As I've been caring for my Dad since my mother's death I've learned a few things about him, about me and about life. Here are a few of them:
Underneath all that dementia the essence of who he is is still there and actually enhanced.
In some ways I know him better than ever before. The dementia has freed up his emotions. He's just trying to figure out life and do it the best he can. It's admirable.
He's always the gentleman. Even in fits of frustration at what is happening to him he stops and lets me go first, wants to help me up the stairs, opens the car door and is concerned about me driving home in the dark.
He has this intense desire to be square with the Lord and be of service even in his worst times. It's who he is.
He prays with a passion and without reservation. It's been an honor and a blessing to hear his prayers especially when he prays for me.
He like to dress nice and look nice.
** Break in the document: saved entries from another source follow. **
section \<open>Continuity of the pressure term in the \<open>\<ell>\<^sup>1\<close> distance\<close>

lemma finite_perm_tuples: "finite (perm_tuples N :: ('n::finite \<Rightarrow> nat \<Rightarrow> nat) set)"
  by (intro finite_PiE) (auto simp: finite_permutations)

lemma perm_tuples_nonempty: "perm_tuples N \<noteq> {}"
  by (auto simp: PiE_eq_empty_iff intro: permutes_id)

lemma perm_config_in_cube:
  assumes \<sigma>: "\<sigma> \<in> perm_tuples N" and X: "\<And>i j. j < N \<Longrightarrow> X i j \<in> {-R..R}" and j: "j < N"
  shows "(\<chi> i. perm_act (\<sigma> i) (X i) j) \<in> cube R"
proof -
  have "inv (\<sigma> i) permutes {..<N}" for i using \<sigma> by (auto intro: permutes_inv)
  then have "inv (\<sigma> i) j < N" for i using j permutes_in_image by fastforce
  then show ?thesis using X unfolding cube_def perm_act_def by auto
qed

lemma kappa_perm_config_le:
  fixes h :: "real^'n \<Rightarrow> real" and X Y :: "'n \<Rightarrow> nat \<Rightarrow> real"
  assumes C: "C \<ge> 0" "\<And>p q. p \<in> cube R \<Longrightarrow> q \<in> cube R \<Longrightarrow> \<bar>h p - h q\<bar> \<le> e + C * dist p q"
    and \<sigma>: "\<sigma> \<in> perm_tuples N" and N: "N > 0"
    and X: "\<And>i j. j < N \<Longrightarrow> X i j \<in> {-R..R}" and Y: "\<And>i j. j < N \<Longrightarrow> Y i j \<in> {-R..R}"
  shows "kappa N (\<lambda>j. h (\<chi> i. perm_act (\<sigma> i) (X i) j))
      \<le> kappa N (\<lambda>j. h (\<chi> i. perm_act (\<sigma> i) (Y i) j)) + e + C * (\<Sum>i\<in>UNIV. (\<Sum>j<N. \<bar>X i j - Y i j\<bar>) / N)"
proof -
  define p where "p j = (\<chi> i. perm_act (\<sigma> i) (X i) j)" for j
  define q where "q j = (\<chi> i. perm_act (\<sigma> i) (Y i) j)" for j
  define \<delta> where "\<delta> j = (\<Sum>i\<in>UNIV. \<bar>X i (inv (\<sigma> i) j) - Y i (inv (\<sigma> i) j)\<bar>)" for j
  have perm: "inv (\<sigma> i) permutes {..<N}" for i using \<sigma> by (auto intro: permutes_inv)
  have "(\<Sum>j<N. h (p j)) - (\<Sum>j<N. h (q j)) \<le> (\<Sum>j<N. \<bar>h (p j) - h (q j)\<bar>)"
    by (simp add: sum_subtractf[symmetric] sum_mono)
  also have "\<dots> \<le> (\<Sum>j<N. e + C * \<delta> j)"
  proof (rule sum_mono)
    fix j assume "j \<in> {..<N}"
    then have "p j \<in> cube R" "q j \<in> cube R"
      unfolding p_def q_def using perm_config_in_cube[OF \<sigma> X] perm_config_in_cube[OF \<sigma> Y] by auto
    then have "\<bar>h (p j) - h (q j)\<bar> \<le> e + C * dist (p j) (q j)" by (rule C(2))
    moreover have "dist (p j) (q j) \<le> \<delta> j"
      using norm_le_l1_cart[of "p j - q j"] by (simp add: dist_norm p_def q_def \<delta>_def perm_act_def)
    ultimately show "\<bar>h (p j) - h (q j)\<bar> \<le> e + C * \<delta> j"
      using mult_left_mono[OF _ C(1)] by fastforce
  qed
  also have "(\<Sum>j<N. \<bar>X i (inv (\<sigma> i) j) - Y i (inv (\<sigma> i) j)\<bar>) = (\<Sum>j<N. \<bar>X i j - Y i j\<bar>)" for i
    using sum.permute[OF perm[of i], of "\<lambda>j. \<bar>X i j - Y i j\<bar>"] by (simp add: o_def)
  then have "(\<Sum>j<N. \<delta> j) = (\<Sum>i\<in>UNIV. \<Sum>j<N. \<bar>X i j - Y i j\<bar>)"
    unfolding \<delta>_def by (subst sum.swap) simp
  then have "(\<Sum>j<N. e + C * \<delta> j) = N * e + C * (\<Sum>i\<in>UNIV. \<Sum>j<N. \<bar>X i j - Y i j\<bar>)"
    by (simp add: sum.distrib sum_distrib_left[symmetric])
  finally have diff: "(\<Sum>j<N. h (p j)) - (\<Sum>j<N. h (q j)) \<le> N * e + C * (\<Sum>i\<in>UNIV. \<Sum>j<N. \<bar>X i j - Y i j\<bar>)" .
  have "kappa N (\<lambda>j. h (p j)) - kappa N (\<lambda>j. h (q j)) = ((\<Sum>j<N. h (p j)) - (\<Sum>j<N. h (q j))) / N"
    unfolding kappa_def by (simp add: diff_divide_distrib)
  also have "\<dots> \<le> (N * e + C * (\<Sum>i\<in>UNIV. \<Sum>j<N. \<bar>X i j - Y i j\<bar>)) / N"
    using diff by (rule divide_right_mono) simp
  also have "\<dots> = e + C * ((\<Sum>i\<in>UNIV. \<Sum>j<N. \<bar>X i j - Y i j\<bar>) / N)"
    using N by (simp add: field_simps)
  also have "(\<Sum>i\<in>UNIV. \<Sum>j<N. \<bar>X i j - Y i j\<bar>) / N = (\<Sum>i\<in>UNIV. (\<Sum>j<N. \<bar>X i j - Y i j\<bar>) / N)"
    by (rule sum_divide_distrib)
  finally show ?thesis unfolding p_def q_def by linarith
qed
That one has been a surprise. My parents never had spare change so new clothes weren't in the budget.
He has a quick wit, sharp sense of humor and a ready laugh.
My Dad is neat and orderly. That one also blew by me as a child.
He loves his family.
He loves my mother and misses her terribly. Though some times he forgets who he is and that he was married, when his memory is functioning he talks highly of her in every way. "I loved that woman!" he told me passionately through tears, his voice breaking, the other day as we were driving somewhere.
He's always saying "Thank you." When I tuck him into bed he usually says, "Thank you for what you are doing for me." I think he really does get it. When I hug him he often says, "Love you."
He wants to be busy and productive. No napping. No lounging around. He's frustrated by inactivity. He knows the difference when I give him something of worth to do and when we are just passing the time. He keeps me on my toes.
If I focus on making remaining life good for my Dad I am strengthened and I am able to do all that is needful. If I focus on myself and the things I can't do because I am caring for my Dad I begin to sink.
I've learned to speak "dementiaese." When no one else gets what my Dad is trying to say because it doesn't make sense, I understand where he is trying to go with his thoughts and what he is about. And it all makes perfect sense.
You can't fool him. If you try, he figures you out rather quickly. And, it ticks him off! Honesty is the best policy all the way around.
All people, including the "triple elderly" as my mother use to say, deserve to be treated with dignity and given the time of day. They notice when someone passes by them or treats them like they aren't there because they can't hear or express themselves articulately.
My Dad doesn't like to be laughed at or made fun of nor does he make fun of or laugh at others.
I've seen my Dad cry more these past two months than in my entire 56 years all put together.
Old age and the suffering it brings is the last great test of life - and if we choose to participate in care-giving we receive more in growth than we give.